U.S. equity markets were mixed and mostly pressured for much of the trading day on Tuesday until a late-day rally pushed the large-cap S&P 500 and small-cap Russell 2000 into slightly positive territory. The same cannot be said for the Dow Jones Industrial Average, which completed its third down day on Tuesday since hitting its new all-time high last week.
In contrast to the industrials-focused Dow, the tech-heavy Nasdaq Composite was up modestly for most of the day, rising just under a key double top pattern. Earlier on Tuesday, European markets closed in the red following mixed to negative performance from the major Asian indexes.
Recent lackluster market performance across the globe, but especially in the U.S., can be attributed in part to investor caution ahead of key testimony this week by Federal Reserve Chair Jerome Powell in front of the U.S. Congress. Powell will be testifying in front of the House Financial Services Committee on Wednesday and the Senate Banking Committee on Thursday. In the past, such testimony has been known to affect markets due to resulting shifts in interest rate expectations.
Prior to last week's U.S. jobs report, there had been extremely high market expectations that the Fed would begin implementing interest rate cuts beginning this month as a policy reaction to slowing economic growth, lagging inflation, and potential fallout from trade wars. Although these rate cut expectations remain high, last week's jobs report showed much stronger employment growth than expected, which created some doubt as to whether the Fed would continue to be so intent on cutting rates.

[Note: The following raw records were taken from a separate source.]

lemma sequentially_proper_if_palais_smale:
  fixes f :: "'a::banach \<Rightarrow> 'b::real_normed_vector" and \<eta> :: "'b \<Rightarrow> real"
  assumes f_deriv: "\<And>x. (f has_derivative blinfun_apply (f' x)) (at x)"
    and eta_deriv: "\<And>x. (\<eta> has_derivative blinfun_apply (\<eta>' x)) (at x)"
    and eta_nonneg: "\<And>x. \<eta> x \<ge> 0" and eta_0: "\<eta> 0 = 0"
    and palais_smale: "\<And>y. palais_smale (\<lambda>x. \<eta> (f x - y))"
  shows "sequentially_proper f"
  unfolding sequentially_proper_def
proof (intro allI impI)
  fix x :: "nat \<Rightarrow> 'a" and y assume lim: "(\<lambda>n. f (x n)) \<longlonglongrightarrow> y"
  define \<phi> where "\<phi> u = \<eta> (f u - y)" for u
  define D where "D u = \<eta>' (f u - y) o\<^sub>L f' u" for u
  have \<phi>_deriv: "(\<phi> has_derivative blinfun_apply (D u)) (at u)" for u
  proof -
    have "blinfun_apply (D u) = (\<lambda>h. \<eta>' (f u - y) (f' u h))" by (rule ext) (simp add: D_def)
    then show ?thesis
      using has_derivative_compose[OF has_derivative_diff[OF f_deriv has_derivative_const] eta_deriv]
      unfolding \<phi>_def by simp
  qed
  have "(\<lambda>n. \<eta> (f (x n) - y)) \<longlonglongrightarrow> \<eta> 0"
    using lim eta_deriv[of 0, THEN has_derivative_continuous]
    by (intro isCont_tendsto_compose[of 0 \<eta>]) (simp_all add: LIM_zero)
  then have \<phi>_lim: "(\<lambda>n. \<phi> (x n)) \<longlonglongrightarrow> 0" by (simp add: \<phi>_def eta_0)
  have \<phi>_nonneg: "\<phi> u \<ge> 0" for u by (simp add: \<phi>_def eta_nonneg)
  obtain z where z_le: "\<And>n. \<phi> (z n) \<le> \<phi> (x n)"
    and D_lim: "(\<lambda>n. D (z n)) \<longlonglongrightarrow> 0" and xz_lim: "(\<lambda>n. x n - z n) \<longlonglongrightarrow> 0"
    using ekeland_approximate_critical_points[OF \<phi>_deriv \<phi>_nonneg \<phi>_lim] by blast
  have "bounded (range (\<lambda>n. \<phi> (z n)))"
  proof -
    obtain B where B: "\<And>n. norm (\<phi> (x n)) \<le> B"
      using convergent_imp_Bseq[OF convergentI[OF \<phi>_lim]] by (auto simp: Bseq_def)
    then have "norm (\<phi> (z n)) \<le> B" for n
      using z_le[of n] \<phi>_nonneg[of "z n"] B[of n] by simp
    then show ?thesis unfolding bounded_iff by blast
  qed
  then obtain r where "strict_mono r" and "convergent (z \<circ> r)"
    using palais_smale[of y] \<phi>_deriv D_lim unfolding palais_smale_def \<phi>_def by blast
  moreover have "convergent ((\<lambda>n. x n - z n) \<circ> r)"
    using LIMSEQ_subseq_LIMSEQ[OF xz_lim \<open>strict_mono r\<close>] by (rule convergentI)
  ultimately have "convergent (\<lambda>n. (z \<circ> r) n + ((\<lambda>n. x n - z n) \<circ> r) n)"
    by (intro convergent_add)
  then show "\<exists>r. strict_mono r \<and> convergent (x \<circ> r)"
    using \<open>strict_mono r\<close> by (auto simp: o_def)
qed

section \<open>Proper local homeomorphisms are global homeomorphisms\<close>

lemma closed_image_if_sequentially_proper:
  fixes f :: "'a::metric_space \<Rightarrow> 'b::metric_space"
  assumes contf: "continuous_on UNIV f" and proper: "sequentially_proper f" and "closed C"
  shows "closed (f ` C)"
  unfolding closed_sequential_limits
proof (intro allI impI, elim conjE)
  fix y l assume "\<forall>n. y n \<in> f ` C" and "y \<longlonglongrightarrow> l"
  then have "\<forall>n. \<exists>x. x \<in> C \<and> y n = f x" by blast
  then obtain x where x: "\<And>n. x n \<in> C" and y: "\<And>n. y n = f (x n)" by metis
  then obtain r where "strict_mono r" "convergent (x \<circ> r)"
    using proper \<open>y \<longlonglongrightarrow> l\<close> unfolding sequentially_proper_def by (metis (lifting) ext)
  then obtain p where p: "(x \<circ> r) \<longlonglongrightarrow> p" by (auto simp: convergent_def)
  have "p \<in> C" using closed_sequentially[OF \<open>closed C\<close> _ p] x by simp
  moreover have "isCont f p" using contf by (simp add: continuous_on_eq_continuous_at)
  then have "(\<lambda>n. f ((x \<circ> r) n)) \<longlonglongrightarrow> f p" using p by (rule isCont_tendsto_compose)
  moreover have "(\<lambda>n. f ((x \<circ> r) n)) \<longlonglongrightarrow> l"
    using LIMSEQ_subseq_LIMSEQ[OF \<open>y \<longlonglongrightarrow> l\<close> \<open>strict_mono r\<close>] by (simp add: y o_def)
  ultimately show "l \<in> f ` C" using LIMSEQ_unique by blast
qed

lemma surj_if_sequentially_proper_local_homeomorphism:
  fixes f :: "'a::metric_space \<Rightarrow> 'b::real_normed_vector"
  assumes contf: "continuous_on UNIV f" and "local_homeomorphism f" and "sequentially_proper f"
  shows "surj f"
proof -
  have "open (range f)"
    unfolding open_subopen[of "range f"]
  proof
    fix y assume "y \<in> range f"
    then obtain x where "y = f x" by blast
    obtain U V g where "x \<in> U" "open V" "homeomorphism U V f g"
      using \<open>local_homeomorphism f\<close> unfolding local_homeomorphism_def by (meson zero_less_one)
    then show "\<exists>T. open T \<and> y \<in> T \<and> T \<subseteq> range f"
      using \<open>y = f x\<close> unfolding homeomorphism_def by blast
  qed
  moreover have "closed (range f)"
    using closed_image_if_sequentially_proper[OF contf \<open>sequentially_proper f\<close> closed_UNIV] .
  ultimately show ?thesis using clopen[of "range f"] by blast
qed

lemma finite_fibre_if_sequentially_proper_local_homeomorphism:
  fixes f :: "'a::metric_space \<Rightarrow> 'b::metric_space"
  assumes contf: "continuous_on UNIV f" and hom: "local_homeomorphism f"
    and proper: "sequentially_proper f"
  shows "finite (f -` {y})"
proof -
  let ?F = "f -` {y}"
  have "closed ?F"
    using contf by (intro continuous_closed_vimage) (auto simp: continuous_on_eq_continuous_at)
  have "compact ?F" unfolding compact_eq_seq_compact_metric
  proof (rule seq_compactI)
    fix x :: "nat \<Rightarrow> 'a" assume x: "\<forall>n. x n \<in> ?F"
    then have "(\<lambda>n. f (x n)) \<longlonglongrightarrow> y" by simp
    then obtain r where "strict_mono r" "convergent (x \<circ> r)"
      using proper unfolding sequentially_proper_def by blast
    moreover from this obtain p where p: "(x \<circ> r) \<longlonglongrightarrow> p" by (auto simp: convergent_def)
    moreover have "p \<in> ?F" using closed_sequentially[OF \<open>closed ?F\<close> _ p] x by simp
    ultimately show "\<exists>l\<in>?F. \<exists>r. strict_mono r \<and> (x \<circ> r) \<longlonglongrightarrow> l" by blast
  qed
  have "\<exists>U. open U \<and> a \<in> U \<and> inj_on f U" for a
  proof -
    obtain U V g where "open U" "a \<in> U" "homeomorphism U V f g"
      using hom unfolding local_homeomorphism_def by (meson zero_less_one)
    then show ?thesis by (meson homeomorphism_apply1 inj_on_inverseI)
  qed
  then obtain N where N: "\<And>a. open (N a)" "\<And>a. a \<in> N a" "\<And>a. inj_on f (N a)" by metis
  obtain D where D: "D \<subseteq> ?F" "finite D" "?F \<subseteq> (\<Union>d\<in>D. N d)"
  proof (rule compactE_image[OF \<open>compact ?F\<close>, where f = N and C = ?F])
    show "?F \<subseteq> (\<Union>a\<in>?F. N a)" using N(2) by blast
  qed (use N(1) in auto)
  \<comment> \<open>f is injective on each N d, so N d meets the fibre only in d\<close>
  have "?F \<subseteq> D"
  proof
    fix a assume a: "a \<in> ?F"
    then obtain d where "d \<in> D" "a \<in> N d" using D(3) by blast
    moreover have "f a = f d" using a \<open>d \<in> D\<close> D(1) by auto
    ultimately show "a \<in> D" using N(2,3)[of d] inj_onD by metis
  qed
  then show ?thesis using D(2) finite_subset by blast
qed

lemma finite_imp_disjoint_balls:
  fixes F :: "'a::metric_space set"
  assumes "finite F"
  obtains r where "r > 0" "\<And>a b. a \<in> F \<Longrightarrow> b \<in> F \<Longrightarrow> a \<noteq> b \<Longrightarrow> ball a r \<inter> ball b r = {}"
proof -
  define P where "P = {(a, b). a \<in> F \<and> b \<in> F \<and> a \<noteq> b}"
  have "finite P" unfolding P_def
    by (rule finite_subset[of _ "F \<times> F"]) (use assms in auto)
  define r where "r = Min (insert 1 ((\<lambda>(a, b). dist a b / 2) ` P))"
  have "r > 0" unfolding r_def using \<open>finite P\<close> by (subst Min_gr_iff) (auto simp: P_def)
  moreover have "ball a r \<inter> ball b r = {}" if "a \<in> F" "b \<in> F" "a \<noteq> b" for a b
  proof -
    have "(a, b) \<in> P" using that by (simp add: P_def)
    then have "r \<le> dist a b / 2" unfolding r_def using \<open>finite P\<close> by (intro Min_le) force+
    show ?thesis
    proof (rule equals0I)
      fix x assume "x \<in> ball a r \<inter> ball b r"
      then have "dist a b < 2 * r" using dist_triangle3[of a b x] by (simp add: dist_commute)
      then show False using \<open>r \<le> dist a b / 2\<close> by simp
    qed
  qed
  ultimately show ?thesis using that by blast
qed

lemma evenly_covered_neighbourhood:
  fixes f :: "'a::metric_space \<Rightarrow> 'b::metric_space"
  assumes contf: "continuous_on UNIV f"
    and closed_map: "\<And>C. closed C \<Longrightarrow> closed (f ` C)"
    and fin: "finite (f -` {y})"
    and U: "\<And>a. a \<in> f -` {y} \<Longrightarrow> open (U a) \<and> a \<in> U a \<and> open (V a) \<and> homeomorphism (U a) (V a) f (G a)"
  obtains T where "y \<in> T" "open T" "f -` T \<subseteq> (\<Union>a \<in> f -` {y}. U a)"
    "\<And>a. a \<in> f -` {y} \<Longrightarrow> homeomorphism (U a \<inter> f -` T) T f (G a)"
proof -
  let ?F = "f -` {y}"
  define C where "C = - (\<Union>a \<in> ?F. U a)"
  \<comment> \<open>away from the image of the closed set C, every preimage lies in one of the sheets U a\<close>
  define T where "T = (\<Inter>a \<in> ?F. V a) - f ` C"
  have "closed C" unfolding C_def using U by (intro closed_Compl open_UN) auto
  then have "open T" unfolding T_def using closed_map fin U by (intro open_Diff open_INT) auto
  moreover have "y \<in> T"
  proof -
    have "y \<in> V a" if "a \<in> ?F" for a
      using U[OF that] that unfolding homeomorphism_def by force
    moreover have "y \<notin> f ` C" using U by (force simp: C_def)
    ultimately show ?thesis by (simp add: T_def)
  qed
  moreover have "f -` T \<subseteq> (\<Union>a \<in> ?F. U a)" by (auto simp: T_def C_def)
  moreover have "homeomorphism (U a \<inter> f -` T) T f (G a)" if "a \<in> ?F" for a
  proof (rule homeomorphism_of_subsets[OF conjunct2[OF conjunct2[OF conjunct2[OF U[OF that]]]]])
    have hom: "homeomorphism (U a) (V a) f (G a)" using U[OF that] by blast
    show "T \<subseteq> V a" using that by (auto simp: T_def)
    show "f ` (U a \<inter> f -` T) = T"
    proof
      show "T \<subseteq> f ` (U a \<inter> f -` T)"
      proof
        fix t assume "t \<in> T"
        then have "G a t \<in> U a" "f (G a t) = t"
          using hom \<open>T \<subseteq> V a\<close> unfolding homeomorphism_def by blast+
        then show "t \<in> f ` (U a \<inter> f -` T)" using \<open>t \<in> T\<close> by (metis IntI image_eqI vimageI)
      qed
    qed auto
  qed auto
  ultimately show ?thesis using that by blast
qed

On top of the jobs report, another factor that may hold the Fed back has been its insistence that the central bank is independent and not subject to influence by President Trump, who is a strong proponent of cutting interest rates. Any defiance by Powell may be interpreted as a sign that the Fed may not be cutting rates as quickly or as substantially as markets may expect.
This week's testimonies by Powell, along with Wednesday's FOMC meeting minutes and Thursday's key U.S. inflation data in the form of the consumer price index (CPI), should set the stage for the stock market's direction in the near term with respect to interest rates. If expectations lean toward more aggressive rate cutting, stocks may receive a further boost into record-high territory. In contrast, if markets begin to feel more hesitancy from the Fed in terms of rate cuts, equities could pull back further.
S&P 500 Loses Steam Near New Record High
The S&P 500 (SPX) chart shows a clear picture of what's happening with the market at large. The middle of last week saw a new record high for the benchmark index before the current pullback.
However, aside from the fact that the index is near all-time highs, the technicals remain strongly bullish. Long-term and medium-term trends continue to point strongly to the upside, momentum remains bullish, and the current pullback is shallow.
Depending on how markets perceive Powell's statements and innuendos this week, any sign of a solid path to lower interest rates could prompt an upside breakout for the S&P 500 and equity markets as a whole.
Treasury Yields Bounce
The closely watched 10-Year Treasury Note yield is a primary benchmark for government bond yields, and it is firmly tied to market expectations surrounding the Fed's setting of the overnight federal funds rate. When Fed rate cuts are expected, yields tend to drop. Now, as those rate cut expectations have eased, especially after last week's strong jobs report, yields have bounced.
The chart shows the 10-year yield having just rebounded from a low not seen since November 2016. Clearly, the yield has been in an exceptionally strong downtrend since the highs of last October and November. Any resumption of expectations for a brisk pace of rate cuts could see the yield break down to lower lows.
Small Caps Continue to Lag
Finally, we have small-cap stocks, as represented by the Russell 2000 (RUT) index. While large caps (as in the S&P 500, Dow, and Nasdaq Composite) are at or very near all-time highs, small caps have lagged. In fact, the Russell 2000 is a full 10% below its own record high from last September.
While RUT has indeed risen around 16% since the lows at the beginning of the year, it hasn't come close to recovering its massive losses from the latter part of last year like the large-cap indexes have. This may change at some point, but since the Russell 2000 is often seen as a leading indicator for the rest of the market, its relatively weaker performance may be a concern for the larger market.
The Bottom Line
It's all (or mostly) about the Fed this week. Investors are bracing for what Powell may say to Congress and how his words will be interpreted. Of course, any new developments in U.S.-China trade talks and the new upcoming earnings season will also be pivotal. But interest rate expectations will likely set the primary direction for markets in the near term.